Porcine semen as a vector for transmission of viral pathogens-Part 3
Dominiek Maesa,*, Ann Van Sooma, Ruth Appeltanta, Ioannis Arsenakisa, Hans Nauwynckb
a Department of Reproduction, Obstetrics and Herd Health, Faculty of Veterinary Medicine, Ghent University, Merelbeke, Belgium
b Department of Virology, Immunology and Parasitology, Laboratory of Virology, Faculty of Veterinary Medicine, Ghent University, Merelbeke, Belgium
Semen, Pig, Artificial insemination, Virus, Review
Viruses in porcine semen which are not in the OIE list
Nonclassical swine fever pestiviruses
Pigs are also susceptible to non-CSF pestiviruses including BVDV and border disease virus; these are RNA viruses which are associated with disease in cattle and sheep, respectively. Pigs congenitally infected with these viruses may shed large amounts of virus. Terpstra and Wenswoort  isolated BVDV from oropharyngeal fluid, urine, and semen of a congenitally infected and infertile boar.

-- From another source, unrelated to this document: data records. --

(* Let $K$ be a differential field of characteristic $0$ and let $M$ be a differential module over $K$ of dimension $4$ with $\det M=\mathbf{1}$. Then $M$ is isomorphic to $A\otimes B$ for differential modules $A,B$ of dimension $2$ with $\det A=\det B=\mathbf{1}$ if and only if there exists $F\in\mathrm{sym}^2M$ with $\partial F=0$ such that $F$ is non degenerate and has an isotropic subspace of dimension $2$.
   Context: A differential module over $K$ is a finite-dimensional $K$-vector space with an additive map $\partial$ satisfying the Leibniz rule; $\mathrm{sym}^2M$ and tensor products carry the induced derivations, $\det M=\Lambda^{\dim M}M$, and $\mathbf{1}$ is the trivial one-dimensional module. An element $F\in\mathrm{sym}^2M$ defines a symmetric bilinear form $(a,b)=F(a\otimes b)$ on $M^*$; non degenerate and (totally) isotropic subspace refer to this form. *)

theory Defs
  imports "HOL-Analysis.Analysis"
begin

definition derivation :: "('k::field \<Rightarrow> 'k) \<Rightarrow> bool" where
  "derivation D \<longleftrightarrow> (\<forall>a b. D (a + b) = D a + D b) \<and> (\<forall>a b. D (a * b) = D a * b + a * D b)"

definition diff_module :: "('k::field \<Rightarrow> 'k) \<Rightarrow> ('k^'n \<Rightarrow> 'k^'n) \<Rightarrow> bool" where
  "diff_module D \<delta> \<longleftrightarrow> (\<forall>x y. \<delta> (x + y) = \<delta> x + \<delta> y) \<and>
     (\<forall>c x. \<delta> (c *s x) = D c *s x + c *s \<delta> x)"

definition dmod_iso :: "('k::field^'n \<Rightarrow> 'k^'n) \<Rightarrow> ('k^'m \<Rightarrow> 'k^'m) \<Rightarrow> bool" where
  "dmod_iso \<delta>1 \<delta>2 \<longleftrightarrow> (\<exists>f. Vector_Spaces.linear (*s) (*s) f \<and> bij f \<and> (\<forall>x. f (\<delta>1 x) = \<delta>2 (f x)))"

text \<open>Coordinatewise derivation; on K^1 this is the trivial module 1.\<close>
definition dconst :: "('k::field \<Rightarrow> 'k) \<Rightarrow> 'k^'n \<Rightarrow> 'k^'n" where
  "dconst D v = (\<chi> i. D (v $ i))"

definition conn :: "('k::field^'n \<Rightarrow> 'k^'n) \<Rightarrow> 'k^'n^'n" where
  "conn \<delta> = (\<chi> i j. \<delta> (axis j 1) $ i)"

text \<open>det M = Lambda^n M, spanned by e_1 wedge ... wedge e_n, with
  d(e_1 wedge...wedge e_n) = trace(A) (e_1 wedge ... wedge e_n).\<close>
definition det_mod :: "('k::field \<Rightarrow> 'k) \<Rightarrow> ('k^'n \<Rightarrow> 'k^'n) \<Rightarrow> 'k^1 \<Rightarrow> 'k^1" where
  "det_mod D \<delta> v = dconst D v + trace (conn \<delta>) *s v"

definition det_trivial :: "('k::field \<Rightarrow> 'k) \<Rightarrow> ('k^'n \<Rightarrow> 'k^'n) \<Rightarrow> bool" where
  "det_trivial D \<delta> \<longleftrightarrow> dmod_iso (det_mod D \<delta>) (dconst D :: 'k^1 \<Rightarrow> 'k^1)"

text \<open>Tensor product M1 (x) M2 on K^(n x m), basis e_i (x) e_j indexed by (i,j), with
  d(a (x) b) = da (x) b + a (x) db.\<close>
definition tensor_mod :: "('k::field \<Rightarrow> 'k) \<Rightarrow> ('k^'a \<Rightarrow> 'k^'a) \<Rightarrow> ('k^'b \<Rightarrow> 'k^'b)
    \<Rightarrow> 'k^('a \<times> 'b) \<Rightarrow> 'k^('a \<times> 'b)" where
  "tensor_mod D \<delta>1 \<delta>2 v = dconst D v +
     (\<chi> p q. conn \<delta>1 $ fst p $ fst q * (if snd p = snd q then 1 else 0)
           + (if fst p = fst q then 1 else 0) * conn \<delta>2 $ snd p $ snd q) *v v"

text \<open>sym^2 M realised as the symmetric tensors in M (x) M (char 0).\<close>
definition is_sym2 :: "'k^('n::finite \<times> 'n) \<Rightarrow> bool" where
  "is_sym2 F \<longleftrightarrow> (\<forall>i j. F $ (i, j) = F $ (j, i))"

text \<open>The symmetric bilinear form on M^* defined by F; a in M^* given by its values a(e_i).\<close>
definition sym_form :: "'k::field^('n::finite \<times> 'n) \<Rightarrow> 'k^'n \<Rightarrow> 'k^'n \<Rightarrow> 'k" where
  "sym_form F a b = (\<Sum>i\<in>UNIV. \<Sum>j\<in>UNIV. F $ (i, j) * a $ i * b $ j)"

definition nondegenerate :: "'k::field^('n::finite \<times> 'n) \<Rightarrow> bool" where
  "nondegenerate F \<longleftrightarrow> (\<forall>a. (\<forall>b. sym_form F a b = 0) \<longrightarrow> a = 0)"

definition has_isotropic_subspace :: "'k::field^('n::finite \<times> 'n) \<Rightarrow> nat \<Rightarrow> bool" where
  "has_isotropic_subspace F d \<longleftrightarrow>
     (\<exists>W. vec.subspace W \<and> vec.dim W = d \<and> (\<forall>a\<in>W. \<forall>b\<in>W. sym_form F a b = 0))"

end

theory Submission
  imports Defs
begin

text \<open>
  In the standard basis a differential module is \<open>\<partial> + A\<close> with \<open>A\<close> its connection matrix; an
  element of \<open>sym\<^sup>2M\<close> is a symmetric matrix \<open>X\<close>, and \<open>\<partial>F = 0\<close> reads \<open>X' + A X + X A\<^sup>T = 0\<close>.
  If \<open>M \<cong> N\<^sub>1 \<otimes> N\<^sub>2\<close>, the product \<open>\<omega> \<otimes> \<omega>\<close> of the standard symplectic forms of the factors is a
  split symmetric form, horizontal up to a scalar factor which trivialising \<open>det N\<^sub>1\<close> and
  \<open>det N\<^sub>2\<close> removes. Conversely, a nondegenerate symmetric form with a two-dimensional isotropic
  subspace has a hyperbolic basis in which it is the constant form \<open>\<omega> \<otimes> \<omega>\<close>; in that basis the
  connection matrix lies in \<open>so(\<omega> \<otimes> \<omega>) = sl\<^sub>2 \<otimes> 1 + 1 \<otimes> sl\<^sub>2\<close>, so it is the connection of a
  tensor product of two traceless rank-two modules.
\<close>

lemma sum_UNIV_prod:
  "sum f (UNIV :: ('a::finite \<times> 'b::finite) set) = (\<Sum>i\<in>UNIV. \<Sum>j\<in>UNIV. f (i, j))"
  by (simp add: sum.cartesian_product UNIV_Times_UNIV[symmetric] del: UNIV_Times_UNIV)

lemma sum_UNIV_2x2: "sum f (UNIV :: (2 \<times> 2) set) = f (1, 1) + f (1, 2) + f (2, 1) + f (2, 2)"
  by (simp add: sum_UNIV_prod sum_2 add.assoc)

lemma matrix_add_rdistrib: "(A + B) ** C = A ** C + B ** (C :: 'a::semiring_1^_^_)"
  by (simp add: matrix_matrix_mult_def vec_eq_iff sum.distrib distrib_right)

lemma matrix_diff_ldistrib: "A ** (B - C) = A ** B - A ** (C :: 'a::ring_1^_^_)"
  by (simp add: matrix_matrix_mult_def vec_eq_iff sum_subtractf right_diff_distrib)

lemma matrix_diff_rdistrib: "(A - B) ** C = A ** C - B ** (C :: 'a::ring_1^_^_)"
  by (simp add: matrix_matrix_mult_def vec_eq_iff sum_subtractf left_diff_distrib)

lemma matrix_uminus_left: "(- A) ** B = - (A ** (B :: 'a::ring_1^_^_))"
  by (simp add: matrix_matrix_mult_def vec_eq_iff sum_negf)

lemma matrix_uminus_right: "A ** (- B) = - (A ** (B :: 'a::ring_1^_^_))"
  by (simp add: matrix_matrix_mult_def vec_eq_iff sum_negf)

lemma transpose_diff: "transpose (A - B) = transpose A - transpose B"
  by (simp add: transpose_def vec_eq_iff)

lemma mat_matrix_mult_nth: "(mat t ** M) $ i $ j = t * (M $ i $ j :: 'a::semiring_1)"
  by (simp add: matrix_matrix_mult_def mat_def if_distrib if_distribR cong: if_cong)

lemma matrix_mat_mult_nth: "(M ** mat t) $ i $ j = (M $ i $ j :: 'a::comm_semiring_1) * t"
  by (simp add: matrix_matrix_mult_def mat_def if_distrib if_distribR cong: if_cong)

lemma matrix_mat_mult_commute: "M ** mat s = mat s ** (M :: 'a::comm_semiring_1^'n^'m)"
  by (simp add: vec_eq_iff mat_matrix_mult_nth matrix_mat_mult_nth mult.commute)

lemma mat_mult_mat: "mat s ** mat t = (mat (s * t) :: 'a::comm_semiring_1^'n^'n)"
  unfolding vec_eq_iff mat_matrix_mult_nth by (simp add: mat_def)

lemma inverse_matrices_unique:
  fixes P :: "'a::semiring_1^'n^'m"
  assumes "Q ** P = mat 1" "P ** C = mat 1"
  shows "Q = C"
proof -
  have "Q = Q ** (P ** C)" using assms(2) by simp
  also have "\<dots> = C" using assms(1) by (simp add: matrix_mul_assoc)
  finally show ?thesis .
qed

section \<open>Derivations and connection matrices\<close>

definition dmat :: "('k::field \<Rightarrow> 'k) \<Rightarrow> 'k^'n^'m \<Rightarrow> 'k^'n^'m" where
  "dmat D X = (\<chi> i j. D (X $ i $ j))"

definition conn_mod :: "('k::field \<Rightarrow> 'k) \<Rightarrow> 'k^'n^'n \<Rightarrow> 'k^'n \<Rightarrow> 'k^'n" where
  "conn_mod D A x = dconst D x + A *v x"

text \<open>Base change by \<open>P\<close> turns the connection \<open>\<partial> + A\<close> into \<open>\<partial> + B\<close>.\<close>
definition gauge_equiv :: "('k::field \<Rightarrow> 'k) \<Rightarrow> 'k^'n^'n \<Rightarrow> 'k^'m^'m \<Rightarrow> bool" where
  "gauge_equiv D A B \<longleftrightarrow>
     (\<exists>P Q. P ** Q = mat 1 \<and> Q ** P = mat 1 \<and> P ** A = dmat D P + B ** P)"

text \<open>\<open>c\<close> is the scalar of an isomorphism from \<open>det\<close> of \<open>\<partial> + A\<close> to the trivial module.\<close>
definition det_trivial_conn :: "('k::field \<Rightarrow> 'k) \<Rightarrow> 'k^'n^'n \<Rightarrow> bool" where
  "det_trivial_conn D A \<longleftrightarrow> (\<exists>c. c \<noteq> 0 \<and> D c = c * trace A)"

definition horizontal :: "('k::field \<Rightarrow> 'k) \<Rightarrow> 'k^'n^'n \<Rightarrow> 'k^'n^'n \<Rightarrow> bool" where
  "horizontal D A X \<longleftrightarrow> dmat D X + A ** X + X ** transpose A = 0"

definition kronecker_sum :: "'k::field^'a^'a \<Rightarrow> 'k^'b^'b \<Rightarrow> 'k^('a::finite \<times> 'b::finite)^('a \<times> 'b)" where
  "kronecker_sum A B = (\<chi> p q. A $ fst p $ fst q * (if snd p = snd q then 1 else 0)
     + (if fst p = fst q then 1 else 0) * B $ snd p $ snd q)"

lemma tensor_mod_eq_conn_mod: "tensor_mod D \<delta>1 \<delta>2 = conn_mod D (kronecker_sum (conn \<delta>1) (conn \<delta>2))"
  by (rule ext) (simp add: tensor_mod_def conn_mod_def kronecker_sum_def)

lemma diff_module_eq_conn_mod:
  assumes "diff_module D \<delta>"
  shows "\<delta> = conn_mod D (conn \<delta>)"
proof
  fix x
  have "Modules.additive \<delta>" and sc: "\<And>c x. \<delta> (c *s x) = D c *s x + c *s \<delta> x"
    using assms unfolding diff_module_def Modules.additive_def by blast+
  have "\<delta> x = \<delta> (\<Sum>i\<in>UNIV. x $ i *s axis i 1)" by (simp add: basis_expansion)
  also have "\<dots> = (\<Sum>i\<in>UNIV. D (x $ i) *s axis i 1) + (\<Sum>i\<in>UNIV. x $ i *s \<delta> (axis i 1))"
    by (simp add: Modules.additive.sum[OF \<open>Modules.additive \<delta>\<close>] sc sum.distrib)
  also have "(\<Sum>i\<in>UNIV. D (x $ i) *s axis i 1) = dconst D x"
    using basis_expansion[of "dconst D x"] by (simp add: dconst_def)
  also have "(\<Sum>i\<in>UNIV. x $ i *s \<delta> (axis i 1)) = conn \<delta> *v x"
    by (simp add: vec_eq_iff conn_def matrix_vector_mult_def mult.commute)
  finally show "\<delta> x = conn_mod D (conn \<delta>) x" by (simp add: conn_mod_def)
qed

locale derivation_field =
  fixes D :: "'k::field \<Rightarrow> 'k"
  assumes derivation: "derivation D"
begin

sublocale D: Modules.additive D
  using derivation by unfold_locales (simp add: derivation_def)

Bungowannah virus is genetically distinct from CSF virus, but molecular characterization supports its inclusion in the genus Pestivirus. The virus caused a severe disease outbreak characterized by an increase in stillbirths, preweaning mortality, and mummified fetuses in 2003 in two pig herds in Australia . The risk of transmission by embryos or semen has not yet been evaluated.
Porcine enteric picornaviruses
Porcine enterovirus (PEV) and porcine teschovirus are nonenveloped RNA viruses belonging to the family of Picornaviridae. They are highly resistant in the environment. Infections are transmitted between pigs mainly by oral exposure to contaminated feces. Contamination of semen during collection is possible. Infections with PEV in boars may lead to seminal vesiculitis, sperm abnormalities, and a decreased libido . In the sow, usually no clinical signs are observed, except if infections occur during pregnancy. In the latter case, infections may cause fetal death and mummification, stillbirth, and weak-born piglets .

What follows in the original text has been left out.